Find the link tool that works for you. Every social media manager hates the restrictions of having to call out the link in your bio; one colleague even went so far as to create an entire persona around this limitation (their mortal enemy, Lincoln Bio). Thankfully, these days there are a handful of link tools like Campsite and Linktree that will allow you to add additional links mapped to individual posts. We started using one a few months ago and it’s been a huge boon to our page traffic analytics.
Treat Instagram like a social landing page. Most small organizations often struggle just to keep the lights on when it comes to content, often leading to Instagram feeds that are cluttered with varying types of content that happened to fit what they had on hand. If you can, take the extra time to create something visually consistent — a well-conceived collection of photos can often make up for a lower follower count in the eyes of prospective customers.
Don’t try to be everything for everyone. As marketers, we know the values of our brand inside and out. We also know that targeting everyone sometimes means you end up communicating with no one at all. Know your target audience, of course, but also know your ideal audience, the kind of people who will become life-long advocates for you and your organization, and provide the type of content that resonates with them. We have clear a clear brand voice and tone established for both our real estate education and drivers education verticals, so we don’t get bogged down on vanity metrics like followers if they’re just sitting silently and providing us no in-platform value.

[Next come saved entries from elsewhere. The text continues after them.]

definition append_zero_row :: "real mat \<Rightarrow> real mat" where
  "append_zero_row Y = mat (dim_row Y + 1) (dim_col Y)
     (\<lambda>(i,j). if i < dim_row Y then Y $$ (i, j) else 0)"

definition so_C :: "nat \<Rightarrow> complex mat set" where
  "so_C r = {M. M \<in> carrier_mat r r \<and> transpose_mat M = - M}"

definition S_mat :: "nat \<Rightarrow> complex mat \<Rightarrow> complex mat" where
  "S_mat r M = mat (r - 1) r
     (\<lambda>(i,j). if j = r - 1 then M $$ (i, r - 1) else if i = j then 1 else 0)"

definition Phi_hat :: "nat \<Rightarrow> nat \<Rightarrow> complex mat \<Rightarrow> real mat \<Rightarrow> complex mat" where
  "Phi_hat p r M X =
     (let Z = Zmat p X;
          W = cmat (row_block X (2*p) r) + \<i> \<cdot>\<^sub>m cmat (row_block X (2*p + r) r)
      in S_mat r M * (W + M * cconj_mat W) * the (mat_inverse Z))"

text \<open>The induced map on V*_{p,s-1} (any extension works by the independence claim;
  we use the extension by a zero last row).\<close>
definition Phi_star :: "nat \<Rightarrow> nat \<Rightarrow> complex mat \<Rightarrow> real mat \<Rightarrow> complex mat" where
  "Phi_star p r M Y = Phi_hat p r M (append_zero_row Y)"

definition upd_entry :: "real mat \<Rightarrow> nat \<Rightarrow> nat \<Rightarrow> real \<Rightarrow> real mat" where
  "upd_entry X a b t = mat (dim_row X) (dim_col X)
     (\<lambda>(i,j). if i = a \<and> j = b then t else X $$ (i, j))"

definition pderiv_entry :: "(real mat \<Rightarrow> complex) \<Rightarrow> real mat \<Rightarrow> nat \<Rightarrow> nat \<Rightarrow> complex" where
  "pderiv_entry f X a b = vector_derivative (\<lambda>t. f (upd_entry X a b t)) (at (X $$ (a, b)))"

definition pderiv2_entry :: "(real mat \<Rightarrow> complex) \<Rightarrow> real mat \<Rightarrow> nat \<Rightarrow> nat \<Rightarrow> complex" where
  "pderiv2_entry f X a b =
     vector_derivative (\<lambda>t. pderiv_entry f (upd_entry X a b t) a b) (at (X $$ (a, b)))"

text \<open>Laplace-Beltrami operator tau and conformality operator kappa of the Euclidean
  metric trace(X^t Y), extended complex-(bi)linearly.\<close>
definition tau_eucl :: "(real mat \<Rightarrow> complex) \<Rightarrow> real mat \<Rightarrow> complex" where
  "tau_eucl f X = (\<Sum>a<dim_row X. \<Sum>b<dim_col X. pderiv2_entry f X a b)"

definition kappa_eucl :: "(real mat \<Rightarrow> complex) \<Rightarrow> (real mat \<Rightarrow> complex) \<Rightarrow> real mat \<Rightarrow> complex" where
  "kappa_eucl f g X = (\<Sum>a<dim_row X. \<Sum>b<dim_col X. pderiv_entry f X a b * pderiv_entry g X a b)"

definition twice_coord_diff_on :: "real mat set \<Rightarrow> (real mat \<Rightarrow> complex) \<Rightarrow> bool" where
  "twice_coord_diff_on D f \<longleftrightarrow> (\<forall>X\<in>D. \<forall>a<dim_row X. \<forall>b<dim_col X.
      (\<forall>t. upd_entry X a b t \<in> D \<longrightarrow>
         (\<lambda>u. f (upd_entry X a b u)) differentiable (at t)) \<and>
      (\<lambda>t. pderiv_entry f (upd_entry X a b t) a b) differentiable (at (X $$ (a, b))))"

definition orthogonal_harmonic_family :: "real mat set \<Rightarrow> (real mat \<Rightarrow> complex) set \<Rightarrow> bool" where
  "orthogonal_harmonic_family D \<Omega> \<longleftrightarrow>
     (\<forall>\<phi>\<in>\<Omega>. twice_coord_diff_on D \<phi> \<and> (\<forall>X\<in>D. tau_eucl \<phi> X = 0)) \<and>
     (\<forall>\<phi>\<in>\<Omega>. \<forall>\<psi>\<in>\<Omega>. \<forall>X\<in>D. kappa_eucl \<phi> \<psi> X = 0)"

definition GL_invariant_on :: "nat \<Rightarrow> real mat set \<Rightarrow> (real mat \<Rightarrow> complex) \<Rightarrow> bool" where
  "GL_invariant_on p D f \<longleftrightarrow>
     (\<forall>X\<in>D. \<forall>g. g \<in> carrier_mat p p \<and> invertible_mat g \<longrightarrow> f (X * g) = f X)"

end

theory Submission
  imports Defs
begin

(* Write Z = X0 + i X1 and W = X2 + i X3.  As conj W = X2 - i X3, the numerator
   S (W + M conj W) equals S (I + M) X2 + i S (I - M) X3, and skew-symmetry of M kills the last
   column of S (I - M).  Hence Phi-hat = C Z^-1 with C real-linear in the rows of X that survive
   the deletion of the last one, and right multiplication by g replaces C, Z by C g, Z g.

   Along a coordinate line in the X2, X3 blocks Phi is affine.  Along a line in the X0 (resp. X1)
   block, Z moves by the rank-one matrix c t E with c = 1 (resp. i), so by the Sherman-Morrison
   formula Phi is a Moebius function of t, with first and second derivatives
   -c Phi_{k,alpha} N_{b,l} and 2 c^2 Phi_{k,alpha} N_{b,l} N_{b,alpha}, where N = Z^-1.
   Since 1 + i^2 = 0 the X0 and X1 contributions cancel in both tau and kappa.  The X2, X3
   contributions vanish for tau, and for kappa they are multiples of the entries of
   S (I + M) (S (I + M))^t - S (I - M) (S (I - M))^t = S ((I + M) (I - M) - (I - M) (I + M)) S^t = 0. *)

lemma sum_lessThan_add:
  fixes f :: "nat \<Rightarrow> 'a::comm_monoid_add"
  shows "(\<Sum>a<m + n. f a) = (\<Sum>a<m. f a) + (\<Sum>a<n. f (m + a))"
  by (induction n) (simp_all add: add.assoc)

lemma index_mult_mat_sum:
  assumes "A \<in> carrier_mat m n" "B \<in> carrier_mat n q" "i < m" "j < q"
  shows "(A * B) $$ (i,j) = (\<Sum>c<n. A $$ (i,c) * B $$ (c,j))"
  using assms by (simp add: scalar_prod_def atLeast0LessThan)

lemma mat_inverse_exists:
  fixes A :: "'a::field mat"
  assumes "A \<in> carrier_mat n n" "det A \<noteq> 0"
  obtains B where "mat_inverse A = Some B"
  using mat_inverse(1)[OF assms(1), of undefined] det_non_zero_imp_unit[OF assms, of undefined]
  by (cases "mat_inverse A") auto

lemma mat_inverse_eq_SomeI:
  fixes A B :: "'a::field mat"
  assumes A: "A \<in> carrier_mat n n" and B: "B \<in> carrier_mat n n" and AB: "A * B = 1\<^sub>m n"
  shows "mat_inverse A = Some B"
proof -
  have "det A \<noteq> 0" using det_mult[OF A B] AB by auto
  then obtain C where C: "mat_inverse A = Some C" using mat_inverse_exists[OF A] by blast
  with mat_inverse(2)[OF A C] have CA: "C * A = 1\<^sub>m n" and Cc: "C \<in> carrier_mat n n" by auto
  have "C = C * (A * B)" using Cc by (simp add: AB)
  also have "\<dots> = (C * A) * B" using A B Cc by simp
  also have "\<dots> = B" using B CA by simp
  finally show ?thesis using C by simp
qed

lemma mat_inverse_rank_one_update:
  fixes Z N Z' :: "'a::field mat"
  assumes Z: "Z \<in> carrier_mat n n" and N: "mat_inverse Z = Some N" and Z': "Z' \<in> carrier_mat n n"
    and Z'_eq: "\<And>i j. i < n \<Longrightarrow> j < n \<Longrightarrow> Z' $$ (i,j) = Z $$ (i,j) + (if i = \<alpha> \<and> j = \<beta> then \<sigma> else 0)"
    and \<alpha>: "\<alpha> < n" and \<beta>: "\<beta> < n" and d: "1 + \<sigma> * N $$ (\<beta>,\<alpha>) \<noteq> 0"
  shows "mat_inverse Z' =
    Some (mat n n (\<lambda>(j,l). N $$ (j,l) - \<sigma> * N $$ (j,\<alpha>) * N $$ (\<beta>,l) / (1 + \<sigma> * N $$ (\<beta>,\<alpha>))))"
    (is "_ = Some ?N'")
proof (rule mat_inverse_eq_SomeI[OF Z'])
  let ?d = "1 + \<sigma> * N $$ (\<beta>,\<alpha>)"
  have Nc: "N \<in> carrier_mat n n" and ZN: "Z * N = 1\<^sub>m n" using mat_inverse(2)[OF Z N] by auto
  have ZN_sum: "(\<Sum>j<n. Z $$ (i,j) * N $$ (j,l)) = (if i = l then 1 else 0)"
    if "i < n" "l < n" for i l
    using arg_cong[OF ZN, of "\<lambda>A. A $$ (i,l)"] index_mult_mat_sum[OF Z Nc that] that by simp
  show "Z' * ?N' = 1\<^sub>m n"
  proof (rule eq_matI)
    fix i l assume "i < dim_row (1\<^sub>m n :: 'a mat)" and "l < dim_col (1\<^sub>m n :: 'a mat)"
    hence i: "i < n" and l: "l < n" by auto
    have "(Z' * ?N') $$ (i,l) = (\<Sum>j<n. Z' $$ (i,j) * ?N' $$ (j,l))"
      by (rule index_mult_mat_sum[OF Z' _ i l]) simp
    also have "\<dots> = (\<Sum>j<n. Z $$ (i,j) * ?N' $$ (j,l))
        + (\<Sum>j<n. (if i = \<alpha> \<and> j = \<beta> then \<sigma> else 0) * ?N' $$ (j,l))"
      by (simp add: Z'_eq i sum.distrib distrib_right)
    also have "(\<Sum>j<n. Z $$ (i,j) * ?N' $$ (j,l))
        = (\<Sum>j<n. Z $$ (i,j) * N $$ (j,l)) - (\<sigma> / ?d * N $$ (\<beta>,l)) * (\<Sum>j<n. Z $$ (i,j) * N $$ (j,\<alpha>))"
      using l by (simp add: sum_subtractf sum_distrib_left sum_divide_distrib algebra_simps)
    also have "(\<Sum>j<n. (if i = \<alpha> \<and> j = \<beta> then \<sigma> else 0) * ?N' $$ (j,l))
        = (if i = \<alpha> then \<sigma> * ?N' $$ (\<beta>,l) else 0)"
      using \<beta> by (simp add: if_distrib[of "\<lambda>x. x * _"] sum.delta' cong: if_cong)
    also have "\<sigma> * ?N' $$ (\<beta>,l) = \<sigma> * N $$ (\<beta>,l) / ?d"
      using \<beta> l d by (simp add: field_simps)
    finally show "(Z' * ?N') $$ (i,l) = 1\<^sub>m n $$ (i,l)"
      using i l \<alpha> by (simp add: ZN_sum)
  qed (use Z' in auto)
qed simp

lemma vector_derivatives_of_real_restriction:
  fixes f :: "real \<Rightarrow> complex" and G G' :: "complex \<Rightarrow> complex"
  assumes U: "open U" "t \<in> U" and f_eq: "\<And>u. u \<in> U \<Longrightarrow> f u = G (of_real u)"
    and G: "\<And>u. u \<in> U \<Longrightarrow> (G has_field_derivative G' (of_real u)) (at (of_real u))"
    and G': "(G' has_field_derivative G'') (at (of_real t))"
  shows "(f has_vector_derivative G' (of_real t)) (at t)"
    and "((\<lambda>u. vector_derivative f (at u)) has_vector_derivative G'') (at t)"
proof -
  have f': "(f has_vector_derivative G' (of_real u)) (at u)" if "u \<in> U" for u
    using has_vector_derivative_real_field[OF G[OF that]]
    by (rule has_vector_derivative_transform_within_open[OF _ U(1) that]) (simp add: f_eq)
  then show "(f has_vector_derivative G' (of_real t)) (at t)" using U(2) .
  show "((\<lambda>u. vector_derivative f (at u)) has_vector_derivative G'') (at t)"
    using has_vector_derivative_real_field[OF G']
    by (rule has_vector_derivative_transform_within_open[OF _ U])
      (simp add: vector_derivative_at[OF f'])
qed

lemma moebius_line_vector_derivatives:
  fixes f :: "real \<Rightarrow> complex" and F c R q :: complex
  assumes f_eq: "\<And>u. 1 + c * of_real (u - t) * q \<noteq> 0 \<Longrightarrow>
      f u = F - c * of_real (u - t) * R / (1 + c * of_real (u - t) * q)"
  shows "(f has_vector_derivative - c * R) (at t)"
    and "((\<lambda>u. vector_derivative f (at u)) has_vector_derivative 2 * c\<^sup>2 * R * q) (at t)"
proof -
  define d where "d z = 1 + c * (z - of_real t) * q" for z
  define U where "U = {u. d (of_real u) \<noteq> 0}"
  have U: "open U" "t \<in> U"
    unfolding U_def d_def by (auto intro!: open_Collect_neq continuous_intros)
  have G: "((\<lambda>z. F - c * (z - of_real t) * R / d z) has_field_derivative - c * R / (d z)\<^sup>2) (at z)"
    if "d z \<noteq> 0" for z
    using that unfolding d_def
    by (auto intro!: derivative_eq_intros simp: field_simps power2_eq_square)
  have G': "((\<lambda>z. - c * R / (d z)\<^sup>2) has_field_derivative 2 * c\<^sup>2 * R * q) (at (of_real t))"
    unfolding d_def
    by (auto intro!: derivative_eq_intros simp: field_simps power2_eq_square power3_eq_cube)
  note derivs = vector_derivatives_of_real_restriction[OF U _ _ G']
  show "(f has_vector_derivative - c * R) (at t)"
    using derivs(1)[of f] G f_eq by (simp add: U_def d_def)
  show "((\<lambda>u. vector_derivative f (at u)) has_vector_derivative 2 * c\<^sup>2 * R * q) (at t)"
    using derivs(2)[of f] G f_eq by (simp add: U_def d_def)
qed

lemma affine_line_vector_derivatives:
  fixes f :: "real \<Rightarrow> complex"
  assumes f_eq: "\<And>u. f u = F + of_real (u - t) * E"
  shows "(f has_vector_derivative E) (at t)"
    and "((\<lambda>u. vector_derivative f (at u)) has_vector_derivative 0) (at t)"
proof -
  have f': "(f has_vector_derivative E) (at u)" for u
    unfolding f_eq[abs_def]
    by (auto intro!: derivative_eq_intros simp: has_vector_derivative_def scaleR_conv_of_real)
  then show "(f has_vector_derivative E) (at t)" .
  show "((\<lambda>u. vector_derivative f (at u)) has_vector_derivative 0) (at t)"
    by (simp add: vector_derivative_at[OF f'])
qed

lemma upd_entry_upd_entry [simp]:
  "a < dim_row Y \<Longrightarrow> b < dim_col Y \<Longrightarrow> upd_entry (upd_entry Y a b t) a b u = upd_entry Y a b u"
  by (rule eq_matI) (auto simp: upd_entry_def)

lemma upd_entry_index:
  "i < dim_row Y \<Longrightarrow> j < dim_col Y \<Longrightarrow>
    upd_entry Y a b u $$ (i,j) = (if i = a \<and> j = b then u else Y $$ (i,j))"
  by (simp add: upd_entry_def)
lemma inverse_unique: "s \<odot> (t \<odot> s) = s \<Longrightarrow> t \<odot> (s \<odot> t) = t \<Longrightarrow> t = iv s"
  using inverse_semigroup unfolding inverse_semigroup_def by simp

lemma inv_inv [simp]: "iv (iv s) = s"
  by (rule inverse_unique[symmetric]) simp_all

lemma inv_idem: "idem e \<Longrightarrow> iv e = e"
  by (rule inverse_unique[symmetric]) (simp_all add: idem_left)

lemma idem_mult_inv: "idem (s \<odot> iv s)"
  by simp

lemma idem_inv_mult: "idem (iv s \<odot> s)"
  by simp

text \<open>With \<open>x = (e f)\<inverse>\<close>, the element \<open>f x e\<close> is also an inverse of \<open>e f\<close> and idempotent, so \<open>x\<close> is
  idempotent, hence equal to its own inverse \<open>e f\<close>.\<close>
lemma idem_mult:
  assumes e: "idem e" and f: "idem f"
  shows "idem (e \<odot> f)"
proof -
  define x where "x = iv (e \<odot> f)"
  have x_inv: "x \<odot> (e \<odot> (f \<odot> (x \<odot> z))) = x \<odot> z" for z
    unfolding x_def using inv_mult_inv_left[of "e \<odot> f" z] by simp
  define y where "y = f \<odot> (x \<odot> e)"
  have "e \<odot> (f \<odot> (x \<odot> (e \<odot> f))) = e \<odot> f"
    unfolding x_def using mult_inv_mult[of "e \<odot> f"] by (simp del: mult_inv_mult mult_inv_mult_left)
  then have "e \<odot> f \<odot> (y \<odot> (e \<odot> f)) = e \<odot> f"
    unfolding y_def by (simp add: idem_left[OF e] idem_left[OF f])
  moreover have "y \<odot> (e \<odot> f \<odot> y) = y"
    unfolding y_def by (simp only: assoc idem_left[OF e] idem_left[OF f] x_inv)
  ultimately have "y = x"
    unfolding x_def by (rule inverse_unique)
  moreover have "idem y"
    unfolding y_def using x_inv by simp
  ultimately have "iv x = x"
    using inv_idem by blast
  then have "e \<odot> f = x"
    unfolding x_def by (metis inv_inv)
  with \<open>idem y\<close> \<open>y = x\<close> show ?thesis by simp
qed

lemma idem_commute:
  assumes e: "idem e" and f: "idem f"
  shows "e \<odot> f = f \<odot> e"
proof -
  have ef: "idem (e \<odot> f)" and fe: "idem (f \<odot> e)"
    using idem_mult e f by blast+
  have "e \<odot> f \<odot> (f \<odot> e \<odot> (e \<odot> f)) = e \<odot> f"
    using ef by (simp add: idem_left[OF e] idem_left[OF f])
  moreover have "f \<odot> e \<odot> (e \<odot> f \<odot> (f \<odot> e)) = f \<odot> e"
    using fe by (simp add: idem_left[OF e] idem_left[OF f])
  ultimately have "f \<odot> e = iv (e \<odot> f)"
    by (rule inverse_unique)
  also have "\<dots> = e \<odot> f"
    using ef by (rule inv_idem)
  finally show ?thesis by simp
qed

lemma idem_commute_left: "idem a \<Longrightarrow> idem b \<Longrightarrow> a \<odot> (b \<odot> x) = b \<odot> (a \<odot> x)"
  by (metis assoc idem_commute)
lemma support_eq_Cons:
  assumes "permutation p"
  shows "support p x = x # tl (support p x)"
proof -
  have "[0..<least_power p x] = 0 # [1..<least_power p x]"
    using least_power_of_permutation(2)[OF assms] by (simp add: upt_rec)
  then show ?thesis by simp
qed

lemma funpow_cycle_of_list_hd:
  assumes "distinct cs" "cs \<noteq> []"
  shows "(cycle_of_list cs ^^ i) (hd cs) = cs ! (i mod length cs)"
proof -
  have "map (cycle_of_list cs ^^ i) cs = rotate i cs" using cyclic_rotation[OF assms(1)] .
  then have "(cycle_of_list cs ^^ i) (cs ! 0) = rotate i cs ! 0"
    by (metis assms(2) length_greater_0_conv nth_map)
  then show ?thesis using assms(2) by (simp add: nth_rotate hd_conv_nth)
qed

lemma support_cycle_of_list:
  assumes "distinct cs" "cs \<noteq> []"
  shows "support (cycle_of_list cs) (hd cs) = cs"
proof -
  let ?c = "cycle_of_list cs" and ?L = "length cs"
  note iter = funpow_cycle_of_list_hd[OF assms]
  have back_iff: "(?c ^^ i) (hd cs) = hd cs \<longleftrightarrow> ?L dvd i" for i
    using iter nth_eq_iff_index_eq[OF assms(1)] assms(2)
    by (simp add: hd_conv_nth dvd_eq_mod_eq_0)
  have "least_power ?c (hd cs) = ?L"
    unfolding least_power_def
  proof (rule Least_equality)
    show "(?c ^^ ?L) (hd cs) = hd cs \<and> 0 < ?L" using back_iff assms(2) by simp
  qed (use back_iff in \<open>auto dest: dvd_imp_le\<close>)
  moreover have "map (\<lambda>i. cs ! (i mod ?L)) [0..<?L] = map ((!) cs) [0..<?L]"
    by (rule map_cong) auto
  ultimately show ?thesis by (simp add: iter map_nth)
qed

lemma support_cycle_of_list_comp:
  assumes "distinct cs" "cs \<noteq> []" "q permutes T" "set cs \<inter> T = {}"
  shows "support (cycle_of_list cs \<circ> q) (hd cs) = cs"
proof -
  let ?c = "cycle_of_list cs"
  have "((?c \<circ> q) ^^ i) (hd cs) = (?c ^^ i) (hd cs) \<and> (?c ^^ i) (hd cs) \<in> set cs" for i
  proof (induction i)
    case (Suc i)
    then have "q ((?c ^^ i) (hd cs)) = (?c ^^ i) (hd cs)"
      using permutes_not_in[OF assms(3)] assms(4) by blast
    then show ?case
      using Suc by (auto simp: permutes_in_image[OF cycle_permutes])
  qed (use assms(2) in simp)
  then show ?thesis
    using support_cong support_cycle_of_list[OF assms(1,2)] by metis
qed

definition even_cycle_perms_on :: "'a set \<Rightarrow> ('a \<Rightarrow> 'a) set" where
  "even_cycle_perms_on S = {p. p permutes S \<and> (\<forall>x\<in>S. even (card (orbit p x)))}"

lemma even_cycle_perms_eq_on: "even_cycle_perms n = even_cycle_perms_on {1..n}"
  unfolding even_cycle_perms_def even_cycle_perms_on_def cycle_len_def ..

lemma finite_even_cycle_perms_on: "finite S \<Longrightarrow> finite (even_cycle_perms_on S)"
  by (rule finite_subset[OF _ finite_permutations[of S]]) (auto simp: even_cycle_perms_on_def)

lemma perm_restrict_diff_cycle_in_even_cycle_perms_on:
  assumes p: "p \<in> even_cycle_perms_on S" and "finite S" and A: "cyclic_on p A"
  shows "perm_restrict p (S - A) \<in> even_cycle_perms_on (S - A)"
proof -
  have ps: "p permutes S" using p by (simp add: even_cycle_perms_on_def)
  then have pp: "permutation p" using \<open>finite S\<close> permutation_permutes by blast
  have "orbit (perm_restrict p (S - A)) z = orbit p z" if z: "z \<in> S - A" for z
  proof (rule orbit_cong)
    show "z \<in> orbit p z" using permutation_self_in_orbit[OF pp] .
    fix s assume s: "s \<in> orbit p z"
    have "s \<notin> A"
    proof
      assume "s \<in> A"
      then have "orbit p z = A"
        using orbit_cyclic_eq3[OF A] orbit_cyclic_eq3[OF cyclic_on_orbit[OF ps \<open>finite S\<close>] s]
        by simp
      then show False using z permutation_self_in_orbit[OF pp, of z] by blast
    qed
    moreover have "s \<in> S" using permutes_orbit_subset[OF ps] z s by blast
    ultimately show "perm_restrict p (S - A) s = p s" by (simp add: perm_restrict_simps)
  qed
  then show ?thesis
    using p perm_restrict_diff_cyclic[OF ps A] by (simp add: even_cycle_perms_on_def)
qed

lemma cycle_comp_in_even_cycle_perms_on:
  assumes q: "q \<in> even_cycle_perms_on T" and "finite T"
    and c: "c permutes A" and cA: "cyclic_on c A" and "even (card A)" and disj: "A \<inter> T = {}"
  shows "c \<circ> q \<in> even_cycle_perms_on (A \<union> T)"
proof -
  have qT: "q permutes T" using q by (simp add: even_cycle_perms_on_def)
  have "q permutes A \<union> T" "c permutes A \<union> T"
    using permutes_subset[OF qT] permutes_subset[OF c] by auto
  then have "c \<circ> q permutes A \<union> T" by (rule permutes_compose)
  moreover have "orbit (c \<circ> q) z = A" if "z \<in> A" for z
    using orbit_cyclic_eq3[OF permutes_comp_preserves_cyclic1[OF qT cA disj] that] by simp
  moreover have "orbit (c \<circ> q) z = orbit q z" if z: "z \<in> T" for z
  proof (rule orbit_cong)
    have "permutation q" using qT \<open>finite T\<close> permutation_permutes by blast
    then show "z \<in> orbit q z" by (rule permutation_self_in_orbit)
    fix s assume "s \<in> orbit q z"
    then have "q s \<in> T" using permutes_orbit_subset[OF qT z] permutes_in_image[OF qT] by blast
    then show "(c \<circ> q) s = q s" using permutes_not_in[OF c] disj by auto
  qed
  ultimately show ?thesis
    using q \<open>even (card A)\<close> by (auto simp: even_cycle_perms_on_def)
qed

lemma cycle_comp_perm_restrict_diff:
  assumes p: "p permutes S" and A: "cyclic_on p A"
    and c: "c permutes A" and agree: "\<And>z. z \<in> A \<Longrightarrow> p z = c z"
  shows "c \<circ> perm_restrict p (S - A) = p"
proof
  fix z
  consider "z \<in> A" | "z \<in> S - A" | "z \<notin> S" "z \<notin> A" by blast
  then show "(c \<circ> perm_restrict p (S - A)) z = p z"
  proof cases
    case 2
    then have "p z \<notin> A" using cyclic_on_f_in[OF p A] by blast
    then show ?thesis using 2 permutes_not_in[OF c] by (simp add: perm_restrict_simps)
  qed (use agree permutes_not_in[OF c] permutes_not_in[OF p]
       in \<open>auto simp: perm_restrict_simps\<close>)
qed

lemma perm_restrict_cycle_comp:
  assumes "c permutes A" "q permutes T" "A \<inter> T = {}"
  shows "perm_restrict (c \<circ> q) T = q"
proof
  fix z show "perm_restrict (c \<circ> q) T z = q z"
    using assms permutes_in_image[OF assms(2)] permutes_not_in[OF assms(1)] permutes_not_in[OF assms(2)]
    by (cases "z \<in> T") (auto simp: perm_restrict_simps)
qed

lemma card_even_cycle_perms_on_with_support:
  assumes "finite S" and cs: "distinct cs" "cs \<noteq> []" "set cs \<subseteq> S" "even (length cs)"
  shows "card {p \<in> even_cycle_perms_on S. support p (hd cs) = cs}
           = card (even_cycle_perms_on (S - set cs))"
proof -
  let ?c = "cycle_of_list cs" and ?T = "S - set cs"
  let ?F = "{p \<in> even_cycle_perms_on S. support p (hd cs) = cs}"
  have c: "?c permutes set cs" by (rule cycle_permutes)
  have cycle: "cyclic_on p (set cs)" "\<And>z. z \<in> set cs \<Longrightarrow> p z = ?c z" if "p \<in> ?F" for p
  proof -
    have "p permutes S" and supp: "support p (hd cs) = cs"
      using that by (auto simp: even_cycle_perms_on_def)
    then have p: "permutation p" using \<open>finite S\<close> permutation_permutes by blast
    show "cyclic_on p (set cs)" using cyclic_on_set_support[OF p, of "hd cs"] by (simp only: supp)
    show "p z = ?c z" if "z \<in> set cs" for z
      using cycle_restrict[OF p, of z "hd cs"] supp that by simp
  qed
  have "bij_betw (\<lambda>p. perm_restrict p ?T) ?F (even_cycle_perms_on ?T)"
  proof (rule bij_betw_byWitness[where f' = "\<lambda>q. ?c \<circ> q"])
    show "\<forall>p\<in>?F. ?c \<circ> perm_restrict p ?T = p"
    proof
      fix p assume p: "p \<in> ?F"
      then have "p permutes S" by (simp add: even_cycle_perms_on_def)
      then show "?c \<circ> perm_restrict p ?T = p"
        using cycle_comp_perm_restrict_diff[OF _ cycle(1)[OF p] c cycle(2)[OF p]] by blast
    qed
    show "\<forall>q\<in>even_cycle_perms_on ?T. perm_restrict (?c \<circ> q) ?T = q"
      using perm_restrict_cycle_comp[OF c] by (auto simp: even_cycle_perms_on_def)
    show "(\<lambda>p. perm_restrict p ?T) ` ?F \<subseteq> even_cycle_perms_on ?T"
      using perm_restrict_diff_cycle_in_even_cycle_perms_on[OF _ \<open>finite S\<close> cycle(1)] by auto
    show "(\<lambda>q. ?c \<circ> q) ` even_cycle_perms_on ?T \<subseteq> ?F"
    proof (rule image_subsetI)
      fix q assume q: "q \<in> even_cycle_perms_on ?T"
      have "set cs \<union> ?T = S" using cs(3) by blast
      moreover have "cyclic_on ?c (set cs)"
        using cyclic_on_set_support[OF permutation_of_cycle, of cs "hd cs"]
        by (simp only: support_cycle_of_list[OF cs(1,2)])
      moreover have "even (card (set cs))" using distinct_card[OF cs(1)] cs(4) by simp
      moreover have "finite ?T" "set cs \<inter> ?T = {}" using \<open>finite S\<close> by auto
      ultimately have "?c \<circ> q \<in> even_cycle_perms_on S"
        using cycle_comp_in_even_cycle_perms_on[OF q _ c] by metis
      moreover have "support (?c \<circ> q) (hd cs) = cs"
        using q support_cycle_of_list_comp[OF cs(1,2), of q ?T] by (simp add: even_cycle_perms_on_def)
      ultimately show "?c \<circ> q \<in> ?F" by simp
    qed
  qed
  then show ?thesis by (rule bij_betw_same_card)
qed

Because of the position that you are in, you are a person of great influence. If you could inspire a movement that would bring the most amount of good to the most amount of people, what would that be? You never know what your idea can trigger. 🙂
As an online drivers ed company, our social team is often engaging with students at a time in their life where there’s a lot of uncertainty about life, college, work, and more. We’ve seen firsthand how a moment of real kindness online can affect students; as a result, whenever I see a brand whose identity consists of insults to their prospective customers, it makes me want to scream. You never know where someone is at emotionally when you hit ‘reply’ to that direct message, so I’d love to see more brands think about the way they interact with students online and the opportunity they have to form a real — if brief — connection with someone.
Some of the biggest names in Business, VC funding, Sports, and Entertainment read this column. Is there a person in the world, or in the US with whom you would love to have a private breakfast or lunch with, and why? He or she might just see this if we tag them 🙂
If I could have coffee with anyone in the industry, it would be Michaela O’Shaughnessy, Social Media Manager for Teen Vogue. She and her team live at the intersection of education and social impact; I would love to talk about her approach to Generation Z and how they continue to be one of the most important teen brands in the business.